And correlating the distribution state vector data of the adjacent technical words, mainly using the distribution state vector data of the reference technical word with the highest occurrence frequency, and adding and marking the distribution state vector data of the similar technical words.
According to the text writing quality monitoring method provided by the embodiment of the invention, technical words and common words are vectorized on the technical expression logic and the grammar expression complexity in the word vectorization process, and meanwhile, the compatibility quantization between the technical expression logic and the grammar expression complexity is ensured. The quantization reference accords with the development habit of the technical thought, and can fully quantize the measurement dimensions of newly created opportunity, reference frequency, importance and the like of the technical word.
The construction of the writing log in the text writing quality monitoring method according to an embodiment of the invention is shown in fig. 3. In FIG. 3, the composition log construction of an embodiment of the present invention includes:
step 210: the following initial text input key value pair structure is formed and used for caching the image-text object state of the current initial text input process:
text editing system time= (text object internal identification sequence, editing state).

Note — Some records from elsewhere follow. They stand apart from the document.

lemma relation3_F:
  assumes i: "0 \<le> i" "i < N" and j: "0 \<le> j" "j < N"
    and KZ: "KZ \<in> {KZp q K_op H_op, KZm q Kinv_op H_op}"
  shows "vsc (d powi Mmat s N i j) (KZ i (r + 1) (F j k v)) - vsc (q powi (- Acart s N i j)) (KZ i r (F j (k + 1) v))
       = vsc (d powi Mmat s N i j * q powi (- Acart s N i j)) (F j k (KZ i (r + 1) v)) - F j (k + 1) (KZ i r v)"
proof
  fix x
  show "(vsc (d powi Mmat s N i j) (KZ i (r + 1) (F j k v)) - vsc (q powi (- Acart s N i j)) (KZ i r (F j (k + 1) v))) x
      = (vsc (d powi Mmat s N i j * q powi (- Acart s N i j)) (F j k (KZ i (r + 1) v)) - F j (k + 1) (KZ i r v)) x"
  proof (cases "x mod N = j mod N")
    case False
    then show ?thesis using KZ by (auto simp: KZp_apply KZm_apply Fop_def vsc_def)
  next
    case True
    have pw: "\<zeta> x powi (k + 1) = \<zeta> x * \<zeta> x powi k" "\<zeta> x powi (1 + k) = \<zeta> x * \<zeta> x powi k"
      using zeta_nonzero by (simp_all add: power_int_add)
    have inv: "q powi Acart s N i j * q powi (- Acart s N i j) = 1"
      using q_nonzero by (simp add: power_int_minus)
    note exch = K_coeff_exchange[OF i j True, of r, THEN exchange_relation_inverse[OF inv],
        THEN arg_cong, of "\<lambda>z. z * (of_int (s (x + 1)) * \<zeta> x powi k * v (x + 1))"]
    from KZ exch True show ?thesis
      by (auto simp: KZp_apply KZm_apply Fop_def vsc_def pw algebra_simps)
  qed
qed

lemma psi_inf_coeff_minus_psi_zero_coeff:
  assumes "\<sigma> = 1 \<or> \<sigma> = -1" and "a \<noteq> 0"
  shows "psi_inf_coeff \<sigma> a t - psi_zero_coeff \<sigma> a t = of_int \<sigma> * (q - inverse q) * a powi t"
  using assms q_nonzero by (auto simp: psi_inf_coeff_def psi_zero_coeff_def power_int_minus field_simps)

The initial text refers to new composition text content that follows the composition text content. The text editing system time as a key refers to the system time of continuing the tail of the existing writing text in the writing environment, and performing single character, one-time character string segment entry or image-text object insertion. The internal identification of a graphic object as a value refers to the (continuous) unique internal identification given by the context in which the text or graphic object is written. The text content includes words, sentence reading punctuation and paragraph symbols. The teletext object comprises an embedded object such as a table or a graphic. The editing state refers to the current state of the image-text object corresponding to the internal identification sequence, and comprises one of a determination state of new creation, insertion and deletion.
Step 220: when the current initial text input process is finished or ended, the initial text input key value pairs in the sorting buffer form a time sequence log segment corresponding to initial text stage input, the primary draft section of the draft time sequence log is added, and the time sequence node is added in the primary draft time sequence.
The composition paragraph may trigger a state definition using composition file closure, composition file timing store, or a specific identification. The buffered sequence of pairs of initial text input key values records an edit process of the initial text input process. The internal identification sequence in the initial text entry key value pair corresponds to the determined edit content in each edit step, including but not limited to text, graphic object description parameters, punctuation marks, and the like. And finishing the editing content in the initial text input by combining the editing state, so as to form a time sequence log segment of the writing text corresponding to the complete and clean initial text input when writing the paragraph. The one-time manuscript duration can be relatively determined according to the first text writing time, the last text writing time, the sentence reading punctuation and the paragraph symbols of the time sequence log fragment. The time of the first paragraph is used as a time sequence node in the time sequence of the first manuscript forming, so that stable quantification of the first manuscript forming process can be ensured, and superposition operation of the first manuscript forming process and the second editing process can be distinguished.
Step 230: the following secondary editing key value pair structure is established by utilizing the time sequence node and is used for caching the image-text object state in the secondary editing process of the written text:
text editing system time= (text object internal identification sequence, editing state, editing position of reference time sequence node section).
And using the time sequence node as a reference standard, and using the time characteristic of the time sequence node time sequence to be converted into the position characteristic of the relative time sequence interval so as to establish the relative position standard of the secondary editing behavior, and referring to the relative position of the time sequence node section formed by the time sequence node to mark the marginal position.
Step 240: when the secondary editing process is a paragraph, the secondary editing key value pair is added to the secondary manuscript section of the time sequence log.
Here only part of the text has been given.